Девятый в смятении посмотрел на вдруг появившихся в поле его зрения заплаканную девушку и средних лет мужчину, вспоминая, кто это такие и почему кажутся знакомыми. В любом случае, в отличие от врачей страха при взгляде на них он не испытывал. Вроде. Пока что.
Перед глазами промелькнул ряд картинок, вызвав приступ лёгкой мигрени. Девятый сморщился, вновь попытавшись коснуться головы руками. В этот раз манипуляция почти удалась, но была остановлена чем-то тёплым, лёгшим на запястье. Устало повернув голову, он зафиксировал, что этим чем-то оказалась самая обычная человеческая рука, принадлежащая… кому? Зрение никак не хотело нормально выполнять свою функцию, поэтому силуэты частично расплывались, иногда и вовсе сливаясь в одно большое цветное пятно. Это обескураживало и немного злило: он не любил находиться в столь беспомощном состоянии — как правило, это сулило большие неприятности.
Но эта девушка назвала его номер, а значит, они должны быть хорошо знакомы. Мысли не оставляли, раздражая мозг и отбирая накопленные за время сна силы. Кто эти люди? Почему выглядели так, словно тревожились за него? Почему он в больнице? Где Двенадцатый? Масса вопросов и ни одного внятного ответа, только периодически вспыхивающие в голове картинки воспоминаний, от которых становилось отнюдь не легче.

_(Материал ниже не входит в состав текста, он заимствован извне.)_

section \<open>Splitting off the first column\<close>

locale first_column_split =
  fixes A :: "real mat" and n m :: nat
  assumes A: "A \<in> carrier_mat n (Suc m)" and ker: "trivial_kernel A"
begin

abbreviation rest where "rest \<equiv> drop_cols 1 A"

definition resid where "resid = col A 0 - proj_mat rest *\<^sub>v col A 0"

lemma rest_carrier: "rest \<in> carrier_mat n m"
  using drop_cols_carrier[OF A, of 1] by simp

lemma rest_trivial_kernel: "trivial_kernel rest"
  using trivial_kernel_drop_cols[OF A ker] by simp

lemma col_0_carrier: "col A 0 \<in> carrier_vec n"
  using A by auto

lemma resid_carrier: "resid \<in> carrier_vec n"
  unfolding resid_def using col_0_carrier proj_mat_carrier[OF rest_carrier] by simp

lemma rest_transpose_mult_resid: "rest\<^sup>T *\<^sub>v resid = 0\<^sub>v m"
  unfolding resid_def using transpose_mult_proj_residual[OF rest_carrier rest_trivial_kernel col_0_carrier] .

lemma resid_eq_mult_vec:
  obtains c where "c \<in> carrier_vec (Suc m)" "c $ 0 = 1" "resid = A *\<^sub>v c"
proof
  let ?b = "inv_mat (rest\<^sup>T * rest) *\<^sub>v (rest\<^sup>T *\<^sub>v col A 0)"
  let ?c = "unit_vec (Suc m) 0 - (0\<^sub>v 1 @\<^sub>v ?b)"
  have b: "?b \<in> carrier_vec m"
    using gram_mat_inverse(1)[OF rest_carrier rest_trivial_kernel] rest_carrier col_0_carrier
    by (intro mult_mat_vec_carrier) auto
  have b': "0\<^sub>v 1 @\<^sub>v ?b \<in> carrier_vec (Suc m)"
    using append_carrier_vec[OF zero_carrier_vec[of 1] b] by simp
  show "?c \<in> carrier_vec (Suc m)" using b' by simp
  show "?c $ 0 = 1" using b' by simp
  have "proj_mat rest *\<^sub>v col A 0 = rest *\<^sub>v ?b"
    by (rule proj_mat_mult_vec[OF rest_carrier rest_trivial_kernel col_0_carrier])
  also have "\<dots> = A *\<^sub>v (0\<^sub>v 1 @\<^sub>v ?b)"
    using drop_cols_mult_vec[OF A, of 1 ?b] b by simp
  finally have "resid = A *\<^sub>v unit_vec (Suc m) 0 - A *\<^sub>v (0\<^sub>v 1 @\<^sub>v ?b)"
    unfolding resid_def mult_vec_unit_vec[OF A zero_less_Suc] by simp
  also have "\<dots> = A *\<^sub>v ?c"
    using A b' by (intro mult_minus_distrib_mat_vec[symmetric]) auto
  finally show "resid = A *\<^sub>v ?c" .
qed

lemma resid_sqnorm_pos: "resid \<bullet> resid > 0"
proof -
  obtain c where c: "c \<in> carrier_vec (Suc m)" "c $ 0 = 1" "resid = A *\<^sub>v c"
    using resid_eq_mult_vec .
  have "c \<noteq> 0\<^sub>v (Suc m)" using c(2) by auto
  then have "resid \<noteq> 0\<^sub>v n" using trivial_kernelD[OF ker A c(1)] c(3) by auto
  then show ?thesis using conjugate_square_greater_0_vec[OF resid_carrier] by simp
qed

lemma resid_orthogonal_rest:
  assumes c: "c \<in> carrier_vec m"
  shows "resid \<bullet> (rest *\<^sub>v c) = 0"
  using scalar_prod_mult_vec_eq_0[OF rest_carrier c resid_carrier rest_transpose_mult_resid]
    comm_scalar_prod[OF resid_carrier, of "rest *\<^sub>v c"] rest_carrier c by simp

lemma transpose_mult_split_residual:
  assumes v: "v \<in> carrier_vec n"
  shows "A\<^sup>T *\<^sub>v ((v - proj_mat rest *\<^sub>v v) - ((resid \<bullet> v) / (resid \<bullet> resid)) \<cdot>\<^sub>v resid)
    = 0\<^sub>v (Suc m)"
proof -
  define \<gamma> where "\<gamma> = (resid \<bullet> v) / (resid \<bullet> resid)"
  define r where "r = (v - proj_mat rest *\<^sub>v v) - \<gamma> \<cdot>\<^sub>v resid"
  have res: "v - proj_mat rest *\<^sub>v v \<in> carrier_vec n"
    using v proj_mat_carrier[OF rest_carrier] by simp
  have r: "r \<in> carrier_vec n" unfolding r_def using res resid_carrier by simp
  have "rest\<^sup>T *\<^sub>v r
      = rest\<^sup>T *\<^sub>v (v - proj_mat rest *\<^sub>v v) - rest\<^sup>T *\<^sub>v (\<gamma> \<cdot>\<^sub>v resid)"
    unfolding r_def using rest_carrier res resid_carrier by (intro mult_minus_distrib_mat_vec) auto
  also have "\<dots> = 0\<^sub>v m"
    using transpose_mult_proj_residual[OF rest_carrier rest_trivial_kernel v]
      mult_mat_vec[of "rest\<^sup>T" m n resid \<gamma>] rest_transpose_mult_resid rest_carrier resid_carrier
    by simp
  finally have rest_r: "rest\<^sup>T *\<^sub>v r = 0\<^sub>v m" .
  have range_rest_r: "(rest *\<^sub>v c) \<bullet> r = 0" if "c \<in> carrier_vec m" for c
    using scalar_prod_mult_vec_eq_0[OF rest_carrier that r rest_r] .
  have "resid \<bullet> (proj_mat rest *\<^sub>v v) = 0"
    unfolding proj_mat_mult_vec[OF rest_carrier rest_trivial_kernel v]
    using gram_mat_inverse(1)[OF rest_carrier rest_trivial_kernel] rest_carrier v
    by (intro resid_orthogonal_rest) auto
  then have "resid \<bullet> r = resid \<bullet> v - \<gamma> * (resid \<bullet> resid)"
    unfolding r_def using resid_carrier v res proj_mat_carrier[OF rest_carrier]
    by (simp add: scalar_prod_minus_distrib[of _ n])
  then have resid_r: "resid \<bullet> r = 0" unfolding \<gamma>_def using resid_sqnorm_pos by simp
  have "(proj_mat rest *\<^sub>v col A 0) \<bullet> r = 0"
    unfolding proj_mat_mult_vec[OF rest_carrier rest_trivial_kernel col_0_carrier]
    using gram_mat_inverse(1)[OF rest_carrier rest_trivial_kernel] rest_carrier col_0_carrier
    by (intro range_rest_r) auto
  then have "col A 0 \<bullet> r = 0"
    using resid_r minus_scalar_prod_distrib[OF col_0_carrier _ r, of "proj_mat rest *\<^sub>v col A 0"]
      proj_mat_carrier[OF rest_carrier] col_0_carrier unfolding resid_def by simp
  then show ?thesis
    using transpose_mult_vec_eq_0I[OF A r _ rest_r] unfolding r_def \<gamma>_def by simp
qed

lemma proj_mat_mult_vec_split:
  assumes v: "v \<in> carrier_vec n"
  shows "proj_mat A *\<^sub>v v = proj_mat rest *\<^sub>v v + ((resid \<bullet> v) / (resid \<bullet> resid)) \<cdot>\<^sub>v resid"
proof -
  define \<gamma> where "\<gamma> = (resid \<bullet> v) / (resid \<bullet> resid)"
  define b where "b = inv_mat (rest\<^sup>T * rest) *\<^sub>v (rest\<^sup>T *\<^sub>v v)"
  obtain cw where cw: "cw \<in> carrier_vec (Suc m)" "resid = A *\<^sub>v cw"
    using resid_eq_mult_vec by metis
  have b: "b \<in> carrier_vec m" unfolding b_def
    using gram_mat_inverse(1)[OF rest_carrier rest_trivial_kernel] rest_carrier v
    by (intro mult_mat_vec_carrier) auto
  have b': "0\<^sub>v 1 @\<^sub>v b \<in> carrier_vec (Suc m)"
    using append_carrier_vec[OF zero_carrier_vec[of 1] b] by simp
  let ?c = "(0\<^sub>v 1 @\<^sub>v b) + \<gamma> \<cdot>\<^sub>v cw"
  have c: "?c \<in> carrier_vec (Suc m)" using b' cw(1) by simp
  have "A *\<^sub>v ?c = A *\<^sub>v (0\<^sub>v 1 @\<^sub>v b) + A *\<^sub>v (\<gamma> \<cdot>\<^sub>v cw)"
    using A b' cw(1) by (intro mult_add_distrib_mat_vec) auto
  also have "A *\<^sub>v (0\<^sub>v 1 @\<^sub>v b) = proj_mat rest *\<^sub>v v"
    unfolding proj_mat_mult_vec[OF rest_carrier rest_trivial_kernel v] b_def[symmetric]
    using drop_cols_mult_vec[OF A, of 1 b] b by simp
  also have "A *\<^sub>v (\<gamma> \<cdot>\<^sub>v cw) = \<gamma> \<cdot>\<^sub>v resid"
    unfolding cw(2) using A cw(1) by (rule mult_mat_vec)
  finally have Ac: "A *\<^sub>v ?c = proj_mat rest *\<^sub>v v + \<gamma> \<cdot>\<^sub>v resid" .
  have "v - A *\<^sub>v ?c = (v - proj_mat rest *\<^sub>v v) - \<gamma> \<cdot>\<^sub>v resid"
    unfolding Ac using v resid_carrier proj_mat_carrier[OF rest_carrier] by (intro eq_vecI) auto
  then have "A\<^sup>T *\<^sub>v (v - A *\<^sub>v ?c) = 0\<^sub>v (Suc m)"
    using transpose_mult_split_residual[OF v] unfolding \<gamma>_def by simp
  then show ?thesis
    using proj_mat_mult_vec_unique[OF A ker v c] Ac unfolding \<gamma>_def by simp
qed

— Доктор, он не узнаёт нас!
— По-моему, вообще сейчас отключится.
Один голос звонкий, наполненный паникой, другой — тихий и с определён-ной долей сомнения. Всё это было очень знакомо, и Девятый понимал, что для восстановления минувших событий ему просто нужно время. Он не знал, сколько он спал, не знал, почему вообще спал в больнице, почему его тело казалось таким чужим и тяжёлым… И почему вдруг стало так трудно дышать?!
— Всё-таки рано, верните маску.
Снова голос того врача, который заговорил с ним после пробуждения.
«Что ж такое-то?» — Девятый не заметил, когда давление на лицо верну-лось, но прекрасно понял, что боль в груди исчезла. Но перед глазами всё рав-но всё расплывалось и жутко хотелось спать.
Не в силах больше противиться самому себе, юноша опустил веки и моментом провалился в сон.
~*~*~*~
— Это нормально. Он больше месяца был без сознания, конечно, он быстро устал. Ему нужен покой, — доктор снял очки, протёр их подолом халата и смерил посетителей необычного пациента строгим взором. — У него нет амнезии, но чтобы всё ясно вспомнить нужно время. Не торопите. В конце концов он был в сильном шоке, когда вы принесли его сюда. — Врач перевёл взгляд на детектива и как-то неодобрительно покачал головой.
— Раз вы приняли решение вывести его из комы, в какую сами ввели, полагаю, кризис миновал?
Кенджиро обошёл доктора, с любопытством наклонился над юным террористом. За время, проведённое в больнице, мальчишка потерял много веса и как-то осунулся. Поджарое тело выглядело теперь слишком худым в белых простынях, а капельница, кислородная маска и тянущиеся провода прикроватного монитора делали из семнадцатилетнего парня совсем ребёнка.
Мужчина отвёл взгляд, в который раз почувствовав укол жалости. Пацан не должен был вызывать подобные чувства, ведь являлся преступником, но к своему собственному неудовольствию полицейский признавал, что наводил шуму Девятый не без причины. Он просто не знал, как ещё мог бы привлечь внимание общественности к волнующей его теме. Ничему, кроме как баловаться с электроникой и пиротехникой в «Поселении» его не учили.
— Ему потребуется курс реабилитации и хороший надзор, но пока — да — угрозы жизни нет. Вероятно, могут вновь начаться приступы. Когда это произойдёт, нужно будет отслеживать их периодичность и, самое главное, продолжительность. При малейших осложнениях вроде повышенной температуры, тошноты или ещё чего-нибудь обязательно меня уведомите.
Быстро глянув на доктора, кивнув в ответ на лёгкое движение головой в сторону двери и уступив Лизе место возле койки юноши, детектив неслышно и не спеша прошествовал к выходу из палаты, морально настраиваясь на последующие вердикты специалиста. Раз тот желал переговорить с ним тет-а-тет, значит, всё с Девятым не так уж и просто. Напряжённое лицо врача только подтвердило догадки, но паниковать раньше времени да и вообще давать волю эмоциям Кенджиро не любил.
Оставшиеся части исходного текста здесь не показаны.